Example 2 In step (2) of Example 1, the emulsion was coagulated and settled together with a silica sol, 40 cc of sulfuric acid was added with stirring, and the mixture was stirred at 80 ° C. for 2 hours to obtain a slurry. Put into a mixing tank with an internal volume of 20 containing water,
Washing with stirring for 30 minutes was performed. After stopping stirring, let it stand for 1 hour,
The slurry was settled, the supernatant was removed by siphon, and the same operation was repeated three more times to obtain a slurry 15 having a pH of 5.5 and a solid content of 10% by weight.

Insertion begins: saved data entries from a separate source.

lemma OmegaF_eq_minor:
  "OmegaF a F1 F2 = col_minor (\<lambda>i. lagF_rows a F1 F2 d (Suc i)) (card F1 + card F2) id"
  unfolding OmegaF_def col_minor_def col_det_def lagF_rows_def Let_def
  by (rule arg_cong[where f=det]) (auto intro!: eq_matI)

lemma laguerre_rows_lagF_rows:
  assumes "finite F1" "finite F2"
  obtains \<mu> where "laguerre_rows (lagF_rows a F1 F2 d) (\<lambda>i. if i \<le> card F1 then 0 else 1) \<mu> (of_int a)
      (Suc (card F1 + card F2))"
    and "\<mu> 0 = real d"
proof -
  define l1 where "l1 = sorted_list_of_set F1"
  define l2 where "l2 = sorted_list_of_set F2"
  define \<mu> where "\<mu> i = (if i = 0 then real d else if i \<le> card F1 then real (l1 ! (i - 1))
      else - of_int a - 1 - real (l2 ! (i - 1 - card F1)))" for i
  have rows: "lagF_rows a F1 F2 d i = (if i = 0 then row1 a d
      else if i \<le> card F1 then row1 a (l1 ! (i - 1)) else row2 a (l2 ! (i - 1 - card F1)))" if "i < Suc (card F1 + card F2)" for i
    using that assms unfolding lagF_rows_def l1_def l2_def
    by (cases i) (auto simp: nth_append)
  have "laguerre_rows (lagF_rows a F1 F2 d) (\<lambda>i. if i \<le> card F1 then 0 else 1) \<mu> (of_int a)
      (Suc (card F1 + card F2))"
    by unfold_locales
      (auto simp: rows \<mu>_def pderiv_row1 pderiv_row2
        row1_ode[unfolded One_nat_def] row2_ode[unfolded One_nat_def]
        simp del: mult_pCons_left)
  then show thesis using that[of \<mu>] by (simp add: \<mu>_def)
qed

lemma sum_indicator_gt: "(\<Sum>i<N. if i \<le> k then 0 else 1 :: real) = real (N - Suc k)"
  by (induction N) (auto simp: Suc_diff_le)
lemma prob_xor3_win_le_val_of_subset:
  fixes D :: "nat \<Rightarrow> (nat \<times> nat \<times> nat) pmf"
  assumes valid: "valid_strategy A n f" "valid_strategy A n g" "valid_strategy A n h"
    and I: "I \<subseteq> {..<n}" "card I = m" and D: "\<And>i. i \<in> I \<Longrightarrow> D i = \<mu>'"
  shows "measure_pmf.prob (Pi_pmf {..<n} undefined D) (xor3_win_set A t n f g h)
         \<le> xor3_val A t \<mu>' m"
proof -
  define R where "R = {..<n} - I"
  have "finite I"
    using I(1) finite_subset by blast
  then obtain \<kappa> where \<kappa>: "bij_betw \<kappa> I {..<m}"
    using ex_bij_betw_finite_nat I(2) atLeast0LessThan by metis
  define \<iota> where "\<iota> j = (if j \<in> I then \<kappa> j else m)" for j
  define e where "e = inv_into I \<kappa>"
  have \<iota>: "bij_betw \<iota> I {..<m}"
    using \<kappa> by (simp add: \<iota>_def cong: bij_betw_cong)
  have e: "e k < n \<and> e k \<notin> R \<and> \<iota> (e k) = k" if "k < m" for k
  proof -
    have "e k \<in> I"
      using bij_betwE[OF bij_betw_inv_into[OF \<kappa>]] that by (simp add: e_def)
    with I(1) \<kappa> that show ?thesis
      by (auto simp: R_def \<iota>_def e_def bij_betw_inv_into_right)
  qed
  have inner: "Pi_pmf I undefined D = map_pmf (\<lambda>q. q \<circ> \<iota>) (Pi_pmf {..<m} undefined (\<lambda>_. \<mu>'))"
  proof -
    have "Pi_pmf I undefined D = Pi_pmf I undefined (\<lambda>_. \<mu>')"
      by (intro Pi_pmf_cong) (auto simp: D)
    also have "\<dots> = map_pmf (\<lambda>q. q \<circ> \<iota>) (Pi_pmf {..<m} undefined (\<lambda>_. \<mu>'))"
      by (rule Pi_pmf_bij_betw[OF \<open>finite I\<close> \<iota>]) (auto simp: \<iota>_def)
    finally show ?thesis .
  qed
  have "{..<n} = R \<union> I" "R \<inter> I = {}"
    using I(1) by (auto simp: R_def)
  then have "measure_pmf.prob (Pi_pmf {..<n} undefined D) (xor3_win_set A t n f g h) =
      measure_pmf.expectation (Pi_pmf R undefined D) (\<lambda>r. measure_pmf.prob (Pi_pmf I undefined D)
        {q. (\<lambda>j. if j \<in> R then r j else q j) \<in> xor3_win_set A t n f g h})"
    using prob_Pi_pmf_union[of R I] \<open>finite I\<close> by (simp add: R_def)
  also have "\<dots> \<le> xor3_val A t \<mu>' m"
  proof (rule measure_pmf.integral_le_const[OF integrable_measure_pmf_prob], rule AE_I2)
    fix r
    show "measure_pmf.prob (Pi_pmf I undefined D)
        {q. (\<lambda>j. if j \<in> R then r j else q j) \<in> xor3_win_set A t n f g h} \<le> xor3_val A t \<mu>' m"
      unfolding inner using prob_xor3_win_fixed_outside_le_val[OF valid e, where r=r]
      by (simp add: vimage_def comp_def)
  qed
  finally show ?thesis .
qed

The slurry was spray-dried in the same manner as in Example 1, and ethylene-vinyl acetate rubber component 73.1% by weight, silica component 12.5% by weight, sodium content 5ppm, aluminum content 5p
pm, sulfate amount 25ppm and other polymer components 14.4% by weight
Consisting of a particle system 3 which supports silica in the form of a film on the surface.
10 μm of polymer powder was obtained.

Next, the substance of the obtained polymer powder was measured in the same manner as in step (4) of Example 1. The results were as follows.

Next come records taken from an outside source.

(* $$\sum _{m=0}^\infty\sum_{n=0}^\infty \frac{\binom{2 m}{m}^2 \binom{2 n}{n}^2 }{ 16^{m + n} (m+n+1) (2 m+3) } = \frac{7 \zeta (3) - 4 G}{\pi ^2}.$$
   Context: $\zeta$ is the Riemann zeta function and $G = \sum_{n\ge 0}\frac{(-1)^n}{(2n+1)^2}$ is Catalan's constant. *)

theory Defs
  imports "HOL-Analysis.Analysis"
begin

definition zeta :: "real \<Rightarrow> real" where
  "zeta s = (\<Sum>n. 1 / (real (Suc n)) powr s)"

definition catalan :: real where
  "catalan = (\<Sum>n. (-1) ^ n / (2 * real n + 1) ^ 2)"

end

theory Submission
  imports Defs
begin

(* Write c n = cbsq n = (binom(2n, n) / 4^n)^2 and A m = c 0 + ... + c m. The inner series
   shift_sum m = sum_n c n / (n + m + 1) and the finite sum weight_sum m, built from
   binom_ratio m k = binom(2m, m+k) / binom(2m, m), satisfy the same first-order recurrence
   (2m+3)^2 x (m+1) - 4 (m+1)^2 x m = const, whose solution gives
   (2m+1)^2 c m shift_sum m = (4/pi) A m = (4/pi) (2m+1)^2 c m weight_sum m.
   By partial fractions the m-th inner sum is thus (4/pi) (c m weight_sum m / 2 - A m (1/(2m+1) - 1/(2m+3)) / 4).
   Telescoping in m together with Wallis' product gives the column sums sum_m c m weight m k = 4 / (pi (2k+1)^2).
   Interchanging the order of summation therefore turns sum_m c m weight_sum m into
   (4/pi) sum_k 1/(2k+1)^3 = (4/pi) (7/8) zeta 3, and, because sum_k (-1)^k weight m k = 1/(2m+1),
   it turns sum_m A m (1/(2m+1) - 1/(2m+3)) = sum_m c m / (2m+1) into (4/pi) G. *)

section \<open>Squared central binomial coefficients\<close>

definition cbsq :: "nat \<Rightarrow> real" where
  "cbsq n = (real ((2*n) choose n))^2 / 16^n"
(* The flag curvature of the Funk–Finsler metric $\mathcal{F}$ on $\mathbb{D}_K(1)$ at the centre $\mathbf{0}=(0,0)$ is independent of the direction $\xi\neq0$ and equals $$\mathbf{K}(\mathbf{0},\xi)=-\Big(1-\tfrac34(1-r^2)^2\Big)=-\Big(1-\tfrac34\Big(\tfrac{4e^2}{(e^2+1)^2}\Big)^2\Big)<0.$$
   Context: $r=\frac{e^2-1}{e^2+1}$, $\mathbb{D}_K(1)=\{x\in\mathbb{R}^2:|x|<r\}$, $\mathcal{F}(x,\xi)=\frac{\sqrt{(r^2-|x|^2)|\xi|^2+\langle x,\xi\rangle^2}}{r^2-|x|^2}+\frac{(1-r^2)\langle x,\xi\rangle}{(r^2-|x|^2)(1-|x|^2)}$. The flag curvature of a 2-dimensional Finsler metric $F$ is $\mathbf{K}=\mathrm{Ric}/F^2$ where $\mathrm{Ric}=R^i_i$ is the trace of the Riemann curvature $R^i_k=2\partial_{x^k}G^i-\xi^j\partial_{x^j}\partial_{\xi^k}G^i+2G^j\partial_{\xi^j}\partial_{\xi^k}G^i-\partial_{\xi^j}G^i\,\partial_{\xi^k}G^j$ and $G^i$ are the spray coefficients $G^i=\frac14g^{i\ell}\{[F^2]_{x^k\xi^\ell}\xi^k-[F^2]_{x^\ell}\}$. *)

theory Defs
  imports "HOL-Analysis.Analysis"
begin

text \<open>Phase-space points of the tangent bundle of an open subset of R^2 are encoded as
  functions z :: nat => real, where z 0, z 1 are the position coordinates x^1, x^2 and
  z 2, z 3 are the direction coordinates xi^1, xi^2.  Index i in {0,1} corresponds to
  the coordinate x^(i+1), and index 2+i to xi^(i+1).\<close>

definition pt :: "real \<times> real \<Rightarrow> real \<times> real \<Rightarrow> nat \<Rightarrow> real" where
  "pt x xi = (\<lambda>i. if i = 0 then fst x else if i = 1 then snd x
                  else if i = 2 then fst xi else snd xi)"

definition pd :: "nat \<Rightarrow> ((nat \<Rightarrow> real) \<Rightarrow> real) \<Rightarrow> (nat \<Rightarrow> real) \<Rightarrow> real" where
  "pd k f z = deriv (\<lambda>t. f (z(k := t))) (z k)"

definition rK :: real where
  "rK = (exp 2 - 1) / (exp 2 + 1)"

definition DK1 :: "(real \<times> real) set" where
  "DK1 = {x. sqrt ((fst x)^2 + (snd x)^2) < rK}"

definition FF :: "(nat \<Rightarrow> real) \<Rightarrow> real" where
  "FF z = (let r = rK; x1 = z 0; x2 = z 1; y1 = z 2; y2 = z 3;
              nx = x1^2 + x2^2; ny = y1^2 + y2^2; ip = x1*y1 + x2*y2 in
           sqrt ((r^2 - nx) * ny + ip^2) / (r^2 - nx)
           + (1 - r^2) * ip / ((r^2 - nx) * (1 - nx)))"

definition Fsq :: "((nat \<Rightarrow> real) \<Rightarrow> real) \<Rightarrow> (nat \<Rightarrow> real) \<Rightarrow> real" where
  "Fsq F z = (F z)^2"

definition gT :: "((nat \<Rightarrow> real) \<Rightarrow> real) \<Rightarrow> nat \<Rightarrow> nat \<Rightarrow> (nat \<Rightarrow> real) \<Rightarrow> real" where
  "gT F i l z = (1/2) * pd (2+i) (pd (2+l) (Fsq F)) z"

definition gInv :: "((nat \<Rightarrow> real) \<Rightarrow> real) \<Rightarrow> nat \<Rightarrow> nat \<Rightarrow> (nat \<Rightarrow> real) \<Rightarrow> real" where
  "gInv F i l z = (let d = gT F 0 0 z * gT F 1 1 z - gT F 0 1 z * gT F 1 0 z in
     if i = 0 \<and> l = 0 then gT F 1 1 z / d
     else if i = 1 \<and> l = 1 then gT F 0 0 z / d
     else - gT F i l z / d)"

definition Gspr :: "((nat \<Rightarrow> real) \<Rightarrow> real) \<Rightarrow> nat \<Rightarrow> (nat \<Rightarrow> real) \<Rightarrow> real" where
  "Gspr F i z = (1/4) * (\<Sum>l<2. gInv F i l z *
      ((\<Sum>k<2. pd k (pd (2+l) (Fsq F)) z * z (2+k)) - pd l (Fsq F) z))"

definition Riem :: "((nat \<Rightarrow> real) \<Rightarrow> real) \<Rightarrow> nat \<Rightarrow> nat \<Rightarrow> (nat \<Rightarrow> real) \<Rightarrow> real" where
  "Riem F i k z =
     2 * pd k (Gspr F i) z
     - (\<Sum>j<2. z (2+j) * pd j (pd (2+k) (Gspr F i)) z)
     + 2 * (\<Sum>j<2. Gspr F j z * pd (2+j) (pd (2+k) (Gspr F i)) z)
     - (\<Sum>j<2. pd (2+j) (Gspr F i) z * pd (2+k) (Gspr F j) z)"

definition Ric :: "((nat \<Rightarrow> real) \<Rightarrow> real) \<Rightarrow> (nat \<Rightarrow> real) \<Rightarrow> real" where
  "Ric F z = (\<Sum>i<2. Riem F i i z)"

definition flag_curv :: "((nat \<Rightarrow> real) \<Rightarrow> real) \<Rightarrow> (nat \<Rightarrow> real) \<Rightarrow> real" where
  "flag_curv F z = Ric F z / (F z)^2"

Example 3 (Synthesis of Rubber Emulsion) 2 In a stainless steel autoclave, 1,000 cc of pure water and Levenol WZ [26% by weight aqueous solution of sodium polyoxyethylene alkyl phenyl ether sulfate, manufactured by Kao Corporation]
19.2gr, potassium persulfate 0.15gr, tertiary dodecyl mercaptan 1.0gr, 2-hydroxyethyl acrylate 5.0g
r, 150 gr of acrylonitrile and 345 gr of butadiene are charged and stirred at 50 ° C. with a propeller type stirring blade (350 rpm).
For 15 hours. Further, 19.2 gr of Levenol WZ, 0.5 gr of potassium persulfate, 70 gr of methyl methacrylate, 20 gr of methacrylonitrile and 10 gr of vinyldimethylmethoxysilane were added, and emulsion polymerization was further continued at 60 ° C. for 4 hours.

(Production of polymer powder and evaluation thereof) Emulsion (solid content: 35
% By weight), and by supporting silica on the rubbery polymer in the same manner as in Example 1, butadiene-
Acrylonitrile rubber component 68.5% by weight, silica component 17.5
Thus, a polymer powder having a particle size of 1 to 6 μm, which was composed of 1% by weight and 14.0% by weight of other polymer components and supported on the surface of the film-form silica, was obtained. The results of evaluating the physical properties of the obtained polymer powder by the same method as in Example 1 are as follows.

Comparative Reference Example (Synthesis of rubber emulsion) 2 In a stainless steel autoclave, 1,000 cc of pure water, 19.2 gr of Levenol WZ, 0.25 gr of potassium persulfate, 1.0 gr of allyl methacrylate and 500 gr of n-butyl acrylate
While stirring with a propeller-type stirring blade (350 rpm), nitrogen gas was flowed at 0.1 / min into the space of the flask.
The reaction was performed at 0 ° C. for 3 hours. Furthermore, Levenol WZ19.2gr,
1.0 gr of potassium persulfate, 140 gr of styrene, 60 gr of acrylonitrile and 5 gr of γ-methacryloxypropyltrimethoxysilane were charged, and emulsion polymerization was further continued at 70 ° C. for 4 hours.

The obtained acrylic rubber emulsion (solid content concentration: 40% by weight) was subjected to a coagulation treatment and further dried to obtain an acrylic rubber powder not supporting inorganic substances, and its particle diameter was 1,000 to 3,000 μm. Was.

(C) Effects of the Invention The organic polymer powder of the present invention can be used for other types of resins without requiring a large amount of solvent or strong stirring power.
Easy dispersion makes it possible to produce a resin that is commercially superior in toughness or relieves internal stress.Especially for adhesive resin, it has excellent performance in both peel strength and shear strength. Since it can be easily provided, it greatly contributes to various industries.

 ──────────────────────────────────────────────────続 き Continuation of the front page (31) Priority claim number Japanese Patent Application No. 2-171191 (32) Priority date Hei 2 (1990) June 28 (33) Priority claim country Japan (JP)

Claims (1)

(57) [Claims] 1. A polymer powder having a particle diameter of 30 .mu.m or less, wherein an inorganic material derived from an inorganic sol is supported on the surface of a rubber-like polymer powder.